(* Let $A$ be a unital involutive $k$-algebra and let $d:A^{\otimes3}\to A$ be the $k$-linear map with $d(a_0\otimes a_1\otimes a_2)=a_0a_1a_2-a_2\overline{a_1}a_0$. The homology of the partial chain complex $0\leftarrow A\xleftarrow{d}A^{\otimes3}$ at $A$, namely $A/\mathrm{Im}(d)$, is isomorphic to $HO_0(A)$.
   Context: An involutive $k$-algebra is a unital associative $k$-algebra with $k$-linear $a\mapsto\overline a$, $\overline{\overline a}=a$, $\overline{ab}=\overline b\,\overline a$, $\overline1=1$. Let $C_2=\{1,t\}$. The hyperoctahedral category $\Delta H$: objects $[n]=\{0,\dots,n\}$, $n\ge0$; a morphism $f:[n]\to[m]$ is a map of sets with a total order on each fibre and a $C_2$-label on each element of $[n]$; composition $g\circ f$ has fibre over $i$ equal to the concatenation, in the order of $g^{-1}(i)$, of the fibres $f^{-1}(j)$, each replaced by $f^{-1}(j)^t$ (order reversed, labels multiplied by $t$) when $j$ has label $t$ in $g$. The hyperoctahedral bar construction $\mathsf{H}_A:\Delta H\to\mathbf{Mod}_k$ sends $[n]\mapsto A^{\otimes(n+1)}$ and $f$ to $a_0\otimes\cdots\otimes a_n\mapsto b_0\otimes\cdots\otimes b_m$, $b_i$ being the ordered product over $x\in f^{-1}(i)$ of $a_x$ (label $1$) or $\overline{a_x}$ (label $t$), empty product $1_A$. Hyperoctahedral homology is $HO_n(A)=\mathrm{Tor}_n^{\Delta H}(k^{\star},\mathsf{H}_A)$ with $k^{\star}$ the constant right $\Delta H$-module at $k$. *)

theory Defs
  imports Main "HOL-Library.Function_Algebras"
begin

text \<open>The unital associative ring structure of A is the type class ring_1 of 'a;
  the k-module structure is the scalar action sc; k is a commutative ring.\<close>
definition inv_algebra :: "('k::comm_ring_1 \<Rightarrow> 'a::ring_1 \<Rightarrow> 'a) \<Rightarrow> ('a \<Rightarrow> 'a) \<Rightarrow> bool" where
  "inv_algebra sc bar \<longleftrightarrow>
     (\<forall>r x y. sc r (x + y) = sc r x + sc r y) \<and>
     (\<forall>r q x. sc (r + q) x = sc r x + sc q x) \<and>
     (\<forall>r q x. sc (r * q) x = sc r (sc q x)) \<and>
     (\<forall>x. sc 1 x = x) \<and>
     (\<forall>r x y. sc r (x * y) = sc r x * y \<and> sc r (x * y) = x * sc r y) \<and>
     (\<forall>x y. bar (x + y) = bar x + bar y) \<and>
     (\<forall>r x. bar (sc r x) = sc r (bar x)) \<and>
     (\<forall>x. bar (bar x) = x) \<and>
     (\<forall>x y. bar (x * y) = bar y * bar x) \<and>
     bar 1 = 1"

inductive_set kspan :: "('k \<Rightarrow> 'v::ab_group_add \<Rightarrow> 'v) \<Rightarrow> 'v set \<Rightarrow> 'v set"
  for sc :: "'k \<Rightarrow> 'v \<Rightarrow> 'v" and S :: "'v set" where
  kspan_zero: "0 \<in> kspan sc S"
| kspan_base: "x \<in> S \<Longrightarrow> x \<in> kspan sc S"
| kspan_add: "x \<in> kspan sc S \<Longrightarrow> y \<in> kspan sc S \<Longrightarrow> x + y \<in> kspan sc S"
| kspan_scale: "x \<in> kspan sc S \<Longrightarrow> sc r x \<in> kspan sc S"

text \<open>The quotient modules V/W and V'/W' are isomorphic as k-modules, expressed
  on representatives: phi induces a well-defined, injective, surjective,
  k-linear map V/W \<rightarrow> V'/W'.\<close>
definition quot_iso ::
  "('k \<Rightarrow> 'v::ab_group_add \<Rightarrow> 'v) \<Rightarrow> 'v set \<Rightarrow> 'v set \<Rightarrow>
   ('k \<Rightarrow> 'w::ab_group_add \<Rightarrow> 'w) \<Rightarrow> 'w set \<Rightarrow> 'w set \<Rightarrow> bool" where
  "quot_iso sc V W sc' V' W' \<longleftrightarrow>
     (\<exists>\<phi>. (\<forall>x\<in>V. \<phi> x \<in> V') \<and>
          (\<forall>x\<in>V. \<forall>y\<in>V. (\<phi> x - \<phi> y \<in> W') \<longleftrightarrow> (x - y \<in> W)) \<and>
          (\<forall>z\<in>V'. \<exists>x\<in>V. \<phi> x - z \<in> W') \<and>
          (\<forall>x\<in>V. \<forall>y\<in>V. \<phi> (x + y) - (\<phi> x + \<phi> y) \<in> W') \<and>
          (\<forall>r. \<forall>x\<in>V. \<phi> (sc r x) - sc' r (\<phi> x) \<in> W'))"

text \<open>Free k-module on nonempty words over A: finitely supported functions.
  The word [a_0,...,a_n] stands for the pure tensor a_0 \<otimes> ... \<otimes> a_n in A^{\<otimes>(n+1)}.\<close>
definition free_words :: "('a list \<Rightarrow> 'k::comm_ring_1) set" where
  "free_words = {c. finite {l. c l \<noteq> 0} \<and> (\<forall>l. c l \<noteq> 0 \<longrightarrow> l \<noteq> [])}"

definition fscale :: "'k::comm_ring_1 \<Rightarrow> ('a list \<Rightarrow> 'k) \<Rightarrow> ('a list \<Rightarrow> 'k)" where
  "fscale r c = (\<lambda>l. r * c l)"

definition delta :: "'a list \<Rightarrow> ('a list \<Rightarrow> 'k::comm_ring_1)" where
  "delta w = (\<lambda>l. if l = w then 1 else 0)"

text \<open>A morphism [n] \<rightarrow> [m] of the hyperoctahedral category: the fibre over i is the
  list L!i (listed in its total order); the fibres partition {0..n}; lab x = True
  means x carries the label t.\<close>
definition dh_mor :: "nat \<Rightarrow> nat \<Rightarrow> nat list list \<Rightarrow> bool" where
  "dh_mor n m L \<longleftrightarrow> length L = Suc m \<and> distinct (concat L) \<and> set (concat L) = {0..n}"

definition dh_act :: "('a::ring_1 \<Rightarrow> 'a) \<Rightarrow> nat list list \<Rightarrow> (nat \<Rightarrow> bool) \<Rightarrow> 'a list \<Rightarrow> 'a list" where
  "dh_act bar L lab as =
     map (\<lambda>fib. prod_list (map (\<lambda>x. if lab x then bar (as ! x) else as ! x) fib)) L"

text \<open>Relations: multilinearity (presenting each A^{\<otimes>(n+1)} as a quotient of the
  free module on words) and x ~ H_A(f)(x) for all morphisms f (giving
  k^* \<otimes>_{\<Delta>H} H_A = Tor_0).\<close>
definition HO0_gens :: "('k::comm_ring_1 \<Rightarrow> 'a::ring_1 \<Rightarrow> 'a) \<Rightarrow> ('a \<Rightarrow> 'a) \<Rightarrow> ('a list \<Rightarrow> 'k) set" where
  "HO0_gens sc bar =
     {delta (xs @ [a + b] @ ys) - delta (xs @ [a] @ ys) - delta (xs @ [b] @ ys) | xs a b ys. True}
   \<union> {delta (xs @ [sc r a] @ ys) - fscale r (delta (xs @ [a] @ ys)) | xs r a ys. True}
   \<union> {delta (dh_act bar L lab as) - delta as | n m L lab as. dh_mor n m L \<and> length as = Suc n}"

definition HO0_rel :: "('k::comm_ring_1 \<Rightarrow> 'a::ring_1 \<Rightarrow> 'a) \<Rightarrow> ('a \<Rightarrow> 'a) \<Rightarrow> ('a list \<Rightarrow> 'k) set" where
  "HO0_rel sc bar = kspan fscale (HO0_gens sc bar)"

definition im_d :: "('k::comm_ring_1 \<Rightarrow> 'a::ring_1 \<Rightarrow> 'a) \<Rightarrow> ('a \<Rightarrow> 'a) \<Rightarrow> 'a set" where
  "im_d sc bar = kspan sc {a0 * a1 * a2 - a2 * bar a1 * a0 | a0 a1 a2. True}"

end

theory Submission
  imports Defs "HOL-Library.Multiset"
begin

text \<open>The isomorphism sends a to the one-letter word [a]. Modulo the relations, every word
  [a0, ..., an] equals the letter [a0 * ... * an] (via the morphism [n] \<rightarrow> [0]), so [_] is
  onto, and the two morphisms [2] \<rightarrow> [0] with fibres (0, 1, 2) and (2, t1, 0) show that Im d
  maps to relations. Conversely, multiplying out words is a k-linear map that sends every
  relation into Im d: modulo Im d, products are commutative (a1 = 1) and insensitive to bars
  (a0 = 1), so H_A(f)(x) and x have congruent products.\<close>

definition equiv_mod :: "'v::ab_group_add set \<Rightarrow> 'v \<Rightarrow> 'v \<Rightarrow> bool"
  where "equiv_mod W x y \<longleftrightarrow> x - y \<in> W"

text \<open>The set comes first in equiv_mod so that \<dots> in calculations denotes the right-hand side.\<close>
abbreviation equiv_mod_syntax :: "'v::ab_group_add \<Rightarrow> 'v \<Rightarrow> 'v set \<Rightarrow> bool"
    (\<open>(_ \<sim> _ '(mod _'))\<close> [51, 51, 0] 50)
  where "x \<sim> y (mod W) \<equiv> equiv_mod W x y"

lemma kspan_uminus:
  assumes "\<And>x. sc (-1) x = - x" and "x \<in> kspan sc S"
  shows "- x \<in> kspan sc S"
  using kspan_scale[OF assms(2), of "-1"] by (simp add: assms(1))

lemma kspan_diff:
  assumes "\<And>x. sc (-1) x = - x" and "x \<in> kspan sc S" "y \<in> kspan sc S"
  shows "x - y \<in> kspan sc S"
  using kspan_add[OF assms(2) kspan_uminus[OF assms(1,3)]] by simp

lemma kspan_sum:
  assumes "finite I" "\<And>i. i \<in> I \<Longrightarrow> f i \<in> kspan sc S"
  shows "sum f I \<in> kspan sc S"
  using assms by (induction I rule: finite_induct) (auto intro: kspan.intros)

lemma equiv_mod_refl [simp]: "x \<sim> x (mod kspan sc S)"
  by (simp add: equiv_mod_def kspan_zero)

lemma equiv_mod_trans [trans]:
  "x \<sim> y (mod kspan sc S) \<Longrightarrow> y \<sim> z (mod kspan sc S) \<Longrightarrow> x \<sim> z (mod kspan sc S)"
  unfolding equiv_mod_def using kspan_add by fastforce

lemma equiv_mod_sym:
  assumes "\<And>x. sc (-1) x = - x" and "x \<sim> y (mod kspan sc S)"
  shows "y \<sim> x (mod kspan sc S)"
  using kspan_uminus[OF assms[unfolded equiv_mod_def]] by (simp add: equiv_mod_def)

lemma equiv_mod_diff:
  assumes "\<And>x. sc (-1) x = - x"
    and "x \<sim> x' (mod kspan sc S)" "y \<sim> y' (mod kspan sc S)"
  shows "x - y \<sim> x' - y' (mod kspan sc S)"
  using kspan_diff[OF assms[unfolded equiv_mod_def]] by (simp add: equiv_mod_def algebra_simps)

lemma equiv_mod_sum:
  assumes "finite I" "\<And>i. i \<in> I \<Longrightarrow> f i \<sim> g i (mod kspan sc S)"
  shows "sum f I \<sim> sum g I (mod kspan sc S)"
  using kspan_sum[OF assms[unfolded equiv_mod_def]] by (simp add: equiv_mod_def sum_subtractf)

The task
Using the records given above, list every line that includes the word "unfolded".

Response to the task
  using kspan_uminus[OF assms[unfolded equiv_mod_def]] by (simp add: equiv_mod_def)
  using kspan_diff[OF assms[unfolded equiv_mod_def]] by (simp add: equiv_mod_def algebra_simps)
  using kspan_sum[OF assms[unfolded equiv_mod_def]] by (simp add: equiv_mod_def sum_subtractf)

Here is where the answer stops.